Raymond Wolters, Race and Education, 1954-2007, University of Missouri Press, 2008, 313 pp.

The integration of American schools is almost always presented as a glorious march to justice, with hallowed beginnings in the 1954 Supreme Court decision of Brown v. Board of Education. Race and Education, by University of Delaware history professor Raymond Wolters, is a refreshingly clear-eyed account at what is better described as a mix of deceit and judicial arrogance, seasoned with naive idealism. Prof. Wolters explains the tortured reasoning of the most important school-integration decisions, and describes the staggering consequences they had on the lives of real Americans. His conclusion? “[D]esegregation was problematical from the start, and integration has been a failure.” This is an exhaustively researched, deeply thoughtful analysis of a historical process that is often described only in clichés.

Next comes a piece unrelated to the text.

(* Let $\mathbf A$ be a Mal'cev algebra, let $n\ge 1$, and let $\alpha_0,\dots,\alpha_{n-1}$ be congruences of $\mathbf A$. Then \[ [\alpha_0,\dots,\alpha_{n-1}] = \psi_{2^n-1}\big(\Delta(\alpha_0,\dots,\alpha_{n-1})\big). \]
   Context: A Mal'cev algebra is an algebra having a ternary term operation $q$ with $q(x,x,y)=y=q(y,x,x)$ for all $x,y$. Higher commutator (Bulatov): for congruences $\alpha_0,\dots,\alpha_{n-1},\gamma$ of $\mathbf A$, say $\alpha_0,\dots,\alpha_{n-2}$ centralize $\alpha_{n-1}$ modulo $\gamma$ if for all tuples $\mathbf a_i,\mathbf b_i$ ($i<n$, of arbitrary lengths, with $\mathbf a_i\neq\mathbf b_i$ and $\mathbf a_i,\mathbf b_i$ congruent modulo $\alpha_i$ coordinatewise) and every term operation $t$ of $\mathbf A$ such that $t(\mathbf x_0,\dots,\mathbf x_{n-2},\mathbf a_{n-1})\equiv_\gamma t(\mathbf x_0,\dots,\mathbf x_{n-2},\mathbf b_{n-1})$ for all $(\mathbf x_0,\dots,\mathbf x_{n-2})\in(\{\mathbf a_0,\mathbf b_0\}\times\dots\times\{\mathbf a_{n-2},\mathbf b_{n-2}\})\setminus\{(\mathbf b_0,\dots,\mathbf b_{n-2})\}$, we have $t(\mathbf b_0,\dots,\mathbf b_{n-2},\mathbf a_{n-1})\equiv_\gamma t(\mathbf b_0,\dots,\mathbf b_{n-2},\mathbf b_{n-1})$. The commutator $[\alpha_0,\dots,\alpha_{n-1}]$ is the smallest congruence $\gamma$ such that $\alpha_0,\dots,\alpha_{n-2}$ centralize $\alpha_{n-1}$ modulo $\gamma$. Tuples in $A^m$ are indexed by $0,\dots,m-1$. For an integer $k\ge 0$ and $i\ge0$, $k_{(i)}\in\{0,1\}$ denotes the $i$-th binary digit of $k$ (counting from the least significant digit, starting at $0$), so $k=\sum_i 2^ik_{(i)}$. For $a,b\in A$ and $i<n$, $\mathbf c_i^n(a,b)\in A^{2^n}$ is the tuple whose $k$-th coordinate ($k<2^n$) is $a$ if $k_{(i)}=0$ and $b$ if $k_{(i)}=1$. For congruences $\alpha_0,\dots,\alpha_{n-1}$, $\Delta(\alpha_0,\dots,\alpha_{n-1})=\Delta_{\mathbf A}(\alpha_0,\dots,\alpha_{n-1})$ is the subuniverse of $\mathbf A^{2^n}$ generated by $\{\mathbf c_i^n(a,b): i<n,\ (a,b)\in\alpha_i\}$; for $n=0$, $\Delta()=A$. Forks: for $R\subseteq A^m$ and $i<m$, $\psi_i(R)$ is the set of pairs $(a,b)$ for which there exist $\mathbf c,\mathbf d\in R$ with $c_i=a$, $d_i=b$ and $c_j=d_j$ for all $j\neq i$. *)

theory Defs
  imports Main
begin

Race and Education 1954 - 2007 by Raymond Wolters
An immense amount has been written about the Brown decision, and its unsavory background has gradually come to light. It is clear that Earl Warren and several other justices wanted to end segregation in schools and were determined to do it with or without legal justification. They naturally preferred to appear to be Constitutional scholars rather than legislators so they put out a request for a study of the 14th Amendment’s equal protection clause that could justify a finding that segregated schools were unconstitutional.

Liberal historians worked hard but could find no evidence that the framers of the Amendment ever thought it would require desegregation. In fact, the Congress that passed the Amendment established segregated schools in the District of Columbia, clearly expressing its view that equal protection did not require mixed-race schools. Historians twisted their research as best they could to make it look otherwise. Constitutional scholar Alfred H. Kelly later admitted he had “manipulated history” and “doctored all the evidence” so as to give the Justices grounds for a reasonable-sounding decision.

It was not enough. Even with doctored evidence there was no Constitutional basis for the Justices’ ambitions, so they skipped the Constitution entirely and based their ruling on social science. This “science” was mainly black sociologist Kenneth Clark’s notorious doll studies.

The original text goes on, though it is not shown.